Mrs Justice Lang told Amber Rudd, the home secretary, to “take stock” after a ruling that found the targeting of foreign rough sleepers was wrong in law and discriminatory.
The first raids on rough sleepers occurred in London in 2015 before becoming a national exercise, Operation Gopik, aimed at homeless people from eastern Europe. They were deemed to be in breach of their EU treaty rights by bedding down on the streets.
Homelessness charities, including St Mungo’s and Thames Reach, local councils and the police worked with immigration enforcement units that implemented the policy.
The Home Office refuses to say how many people were detained and deported. Paul Heron, of the Public Interest Law Unit, brought the case on behalf of three men, two of whom were from Poland and one from Latvia.

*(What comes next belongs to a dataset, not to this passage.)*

(* Let the delays $\tau_{i,k}$, $i,k\in\{1,2,3\}$, be independent real random variables each having a continuous (density) distribution, and let $|h_{1,1}|,|h_{2,2}|,|h_{3,3}|>0$ and $\sigma_1^2,\sigma_2^2,\sigma_3^2>0$ be fixed. Set $S=\tau_{1,3}-\tau_{1,2}+\tau_{2,1}-\tau_{2,3}+\tau_{3,2}-\tau_{3,1}$, $\Delta f_{\min}=1/S$, $\Delta\tau_1=-\tau_{1,1}+\tau_{2,1}-\tau_{2,3}+\tau_{1,3}$, $\Delta\tau_2=-\tau_{2,2}+\tau_{2,3}-\tau_{1,3}+\tau_{1,2}$, $\Delta\tau_3=-\tau_{3,3}+\tau_{3,2}-\tau_{1,2}+\tau_{1,3}$, and for a positive integer $n$ $$R(n)=\sum_{i=1}^{3}\log_2\!\left(1+\frac{|h_{i,i}|^2\sin^2\!\big(\pi n\,\Delta f_{\min}\Delta\tau_i\big)}{\sigma_i^2}\right).$$ Then almost surely, for every $\epsilon>0$ there exists a positive integer $n$ with $$R(n)\ \ge\ \sum_{i=1}^{3}\log_2\!\left(1+\frac{|h_{i,i}|^2}{\sigma_i^2}\right)-\epsilon,$$ i.e. the upper bound $\sum_i\log_2(1+|h_{i,i}|^2/\sigma_i^2)$ on the sum-rate is approached arbitrarily closely by choosing the subcarrier spacing $\Delta f=n\Delta f_{\min}$ with sufficiently large available bandwidth.
   Context: Setting: three-user-pair line-of-sight interference channel with single antennas and two subcarriers at spacing $\Delta f=f^{(2)}-f^{(1)}=n\Delta f_{\min}$, for which interference alignment is feasible. With optimal amplitude choice of the precoders and receive filters, the effective direct channel of pair $i$ under this interference alignment scheme has amplitude $|\bar h_i|=|h_{i,i}|\,|\sin(\pi n\Delta f_{\min}\Delta\tau_i)|\le|h_{i,i}|$, where $|h_{i,i}|$ is the amplitude and $\tau_{i,i}$ the delay of the direct channel of pair $i$; $\sigma_i^2$ is the noise variance at receiver $i$, and $R(n)$ is the resulting sum-rate. *)

theory Defs
  imports "HOL-Probability.Probability"
begin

“There are potentially hundreds of claims for damages for unlawful detention,” Heron said. “We have at least ten clients and other law firms have clients who have been illegally detained.
“Homelessness cannot humanely be dealt with by detaining or forcibly removing homeless people.”
The Home Office said that it was disappointed but would not appeal. It had argued that the policy was a response to “persistent and intentional rough sleeping” by large numbers of people coming from central and eastern Europe having made no accommodation arrangements.